时间:2025-07-29 07:49:48  作者:一只狌狌
  上楼的脚步声因为安静而被放大,像踩在了心脏上。
  陶西右看见裴鹤京卧室的右侧房间门开着,里头放着各种各样的医疗仪器用来检测裴鹤京的身体状况,裴瑄和几个白大褂正站在里头看。
  “裴少爷现在情绪趋于稳定,心率呼吸正常,可以见面。”一个黑胡子医生说。
  裴瑄便点点头,像对小狗挥手似的抬了抬示意郑伯带着陶西右进去。
  陶西右踮着脚往里瞅了瞅,有一块像是监控画面的屏幕,只是角度问题他看不清,想来裴鹤京的房间里的一切动静这边都能看见。
  郑伯拿出钥匙插进锁孔,咔哒咔哒两声过后,他将门轻轻拧开,站在一旁的佣人眼疾手快地将托盘递到陶西右手里,盘子上是一份温热的粥。
  “鹤京少爷,吃饭了。”郑伯这么说过之后,将门开出一半距离,示意陶西右进去。
  还没有走进去陶西右就已经闻到卧室里扑出来的药味,这味道令他感到陌生,这个房间他曾住过很久,以前是淡淡的草木香。
  一步一步往里走,陶西右的视线慢慢越过门、墙壁,等他整个人彻底踏入房间时,郑伯将门又悄声合上。
  陶西右终于看见了床上躺着的人,不知是不是巧合,此刻这张床所用的四件套也是纯白色,让陶西右瞬间回到之前的那个梦境。
  陶西右心脏猛地紧了,他被眼前的画面惊到。
  裴鹤京此刻平躺着,睁着眼,视线不知是盯着天花板还是在发呆。
  两只手被绑带固定,裴鹤京的胸膛、额头还有手臂手指分别放置着电极片、血压袖带和血氧饱和夹。他脸色苍白,面颊微微凹陷,漂亮的嘴唇起了一层硬硬的白皮,整个人瘦了很多,胸膛的起伏很微弱,好似有一下没一下的。

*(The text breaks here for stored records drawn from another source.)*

(* Let $\mu$ be a positive Radon measure on $\mathbb{R}^d$ satisfying the growth condition with constants $C_0>0$, $n\in(0,d]$, and let $1\le q \le p<\infty$. Then for every $f \in \mathcal{C}^p_q(\mu)$ the limit $M(f):=\lim_{Q \in \mathcal{Q}(\mu,2)}m_Q(f)$ exists; that is, there is a number $M(f)$ such that for every $\varepsilon>0$ there is a doubling cube $Q \in \mathcal{Q}(\mu,2)$ with $|m_R(f)-m_Q(f)| \le \varepsilon$ for all $R \in \mathcal{Q}(\mu,2)$ with $R\supset Q$. In particular, there exists an increasing sequence of concentric doubling cubes $I_0 \subset I_1 \subset \cdots \subset I_k \subset \cdots$ such that $\{m_{I_k}(f)\}_{k \ge 0}$ is a Cauchy sequence and $\bigcup_k I_k=\mathbb{R}^d$.
   Context: Growth condition: $\mu(Q(x,l)) \le C_0\,l^n$ for all $x \in \operatorname{supp}(\mu)$ and $l>0$. Cubes are closed with sides parallel to the axes; $Q(x,l)$ is the cube centered at $x$ of side length $l$; $z_Q$, $\ell(Q)$ are center and side length; $\rho Q$ is concentric with $Q$ of side length $\rho\ell(Q)$. $\mathcal{Q}(\mu)$ is the set of cubes of positive $\mu$-measure (including $\mathbb{R}^d$ if $\mu$ is finite). $Q\in\mathcal{Q}(\mu)$ is doubling if $\mu(2Q)\le 2^{d+1}\mu(Q)$; $\mathcal{Q}(\mu,2)$ is the set of doubling cubes, directed by inclusion. For $Q\in\mathcal{Q}(\mu)$, $Q^*$ is the smallest doubling cube of the form $2^jQ$, $j\ge 0$. For $Q\subset R$, $Q\in\mathcal{Q}(\mu)$, let $Q_R$ be the smallest cube concentric with $Q$ containing $R$, $\delta(Q,R):=\int_{\ell(Q)}^{\ell(Q_R)} \mu(Q(z_Q,l))\,l^{-n}\,\frac{dl}{l}$ and $K_{Q,R}:=1+\delta(Q,R)$. $m_Q(f):=\mu(Q)^{-1}\int_Q f\,d\mu$. The Campanato space $\mathcal{C}^p_q(\mu)$ is the set of $f\in L^1_{loc}(\mu)$ with \[ \|f : \mathcal{C}^p_q(\mu)\| := \sup_{Q \in \mathcal{Q}(\mu)} \mu(2Q)^{\frac{1}{p}-\frac{1}{q}} \Big(\int_Q|f(x)-m_{Q^*}(f)|^q\,d\mu(x)\Big)^{\frac{1}{q}} + \sup_{Q \subset R,\ Q,R \in \mathcal{Q}(\mu,2)} \mu(Q)^{\frac{1}{p}} \frac{|m_Q(f)-m_R(f)|}{K_{Q,R}}<\infty. \] *)

theory Defs
  imports "HOL-Analysis.Analysis"
begin

definition cube :: "'a::euclidean_space \<Rightarrow> real \<Rightarrow> 'a set" where
  "cube x l = cbox (x - (l/2) *\<^sub>R One) (x + (l/2) *\<^sub>R One)"

text \<open>Elements of Q(mu): genuine cubes (centre, side) or the whole space.\<close>
datatype 'a cubeQ = Cube 'a real | Whole

fun cset :: "'a::euclidean_space cubeQ \<Rightarrow> 'a set" where
  "cset (Cube z l) = cube z l"
| "cset Whole = UNIV"

fun dil :: "real \<Rightarrow> 'a::euclidean_space cubeQ \<Rightarrow> 'a cubeQ" where
  "dil r (Cube z l) = Cube z (r * l)"
| "dil r Whole = Whole"

definition radon_measure :: "'a::euclidean_space measure \<Rightarrow> bool" where
  "radon_measure \<mu> \<longleftrightarrow> sets \<mu> = sets borel \<and> (\<forall>K. compact K \<longrightarrow> emeasure \<mu> K < \<infinity>)"

definition supp :: "'a::euclidean_space measure \<Rightarrow> 'a set" where
  "supp \<mu> = {x. \<forall>e>0. 0 < emeasure \<mu> (ball x e)}"

definition growth :: "'a::euclidean_space measure \<Rightarrow> real \<Rightarrow> real \<Rightarrow> bool" where
  "growth \<mu> C0 n \<longleftrightarrow> (\<forall>x\<in>supp \<mu>. \<forall>l>0. measure \<mu> (cube x l) \<le> C0 * l powr n)"

definition cubesQ :: "'a::euclidean_space measure \<Rightarrow> 'a cubeQ set" where
  "cubesQ \<mu> = {Cube z l | z l. 0 < l \<and> 0 < emeasure \<mu> (cube z l)}
              \<union> {Whole | _::unit. emeasure \<mu> UNIV < \<infinity>}"

definition doubling :: "'a::euclidean_space measure \<Rightarrow> 'a cubeQ \<Rightarrow> bool" where
  "doubling \<mu> Q \<longleftrightarrow> Q \<in> cubesQ \<mu> \<and>
     measure \<mu> (cset (dil 2 Q)) \<le> 2 ^ (DIM('a) + 1) * measure \<mu> (cset Q)"

definition cubesQ2 :: "'a::euclidean_space measure \<Rightarrow> 'a cubeQ set" where
  "cubesQ2 \<mu> = {Q. doubling \<mu> Q}"

definition star :: "'a::euclidean_space measure \<Rightarrow> 'a cubeQ \<Rightarrow> 'a cubeQ" where
  "star \<mu> Q = dil (2 ^ (LEAST j::nat. doubling \<mu> (dil (2 ^ j) Q))) Q"

definition mean :: "'a::euclidean_space measure \<Rightarrow> 'a cubeQ \<Rightarrow> ('a \<Rightarrow> real) \<Rightarrow> real" where
  "mean \<mu> Q f = (LINT x:cset Q|\<mu>. f x) / measure \<mu> (cset Q)"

  眼前的人和记忆之中的高岭之花判若两人,陶西右几乎都快要认不出了,裴鹤京不该是这样的,这样的……死气沉沉。
  心口一阵闷痛,陶西右的手指无意识地紧紧抠着手里的托盘,呼吸渐渐凌乱,爱恨情仇在生死面前做出让步,他轻轻走上前去,将托盘放到桌上。
  随后陶西右直起腰来,离床也就四五步的距离,他冲着一直没有看他的裴鹤京开口,“裴鹤京,吃饭了。”
  这声音仿佛炸弹一般在卧室响起,裴鹤京像是才发现卧室进了人一般猛地转头,那双眼骤然死死地、死死地盯着陶西右的脸。
  一股冰冷的激流感瞬间从尾椎骨窜上头顶,陶西右下意识后退半步。
  好陌生、好恐怖的眼神,像是发了疯的野兽,眼底是嗜血的怒火。
  冰冷的电极片紧贴着皮肤,将裴鹤京的生命体征一丝不苟地转化为屏幕上跳跃的线条和数字,输送到隔壁房间的显示屏上。
  医生们聚精会神地守在仪器前,紧紧地盯着每项数据的变动,滴滴声一下一下,将气氛拖至最紧张的节点。
  “心率80bpm,95bpm,115bpm……130bpm!”
  心率的绿色波形线此刻蓦然变得密集而尖锐,心率数字变红,与此同时仪器报警,提示患者心动过速。
  “血压升高!”
  “血氧饱和度下降2%!”
  ……
  多个参数同时偏离基线,先前的黑胡子医生抱着手臂,快速扫视着各项数据。
  裴瑄拄着拐杖有些急躁,他不懂这些专业的事,只觉得警报声刺耳,像是要发生不好的事,于是便皱了眉头,冲黑胡子医生道:“小吕,到底如何?”
  陶西右不知道隔壁发生了什么,还处于心脏砰砰砰乱跳的状态,不过很快他就调整过来,大着胆子走向前去。
  “额,你失忆了,我自我介绍一下,我叫陶西右,是……”
  是谁?
  陶西右突然打了顿,两秒后顶着裴鹤京吃人一般的视线说:“我是你爱而不得的白月光,你现在状态不好,我勉为其难来看看你,你不许冲我发脾气,也不许打我,不然以后你恢复记忆了恐怕肠子都要悔青!听见没?”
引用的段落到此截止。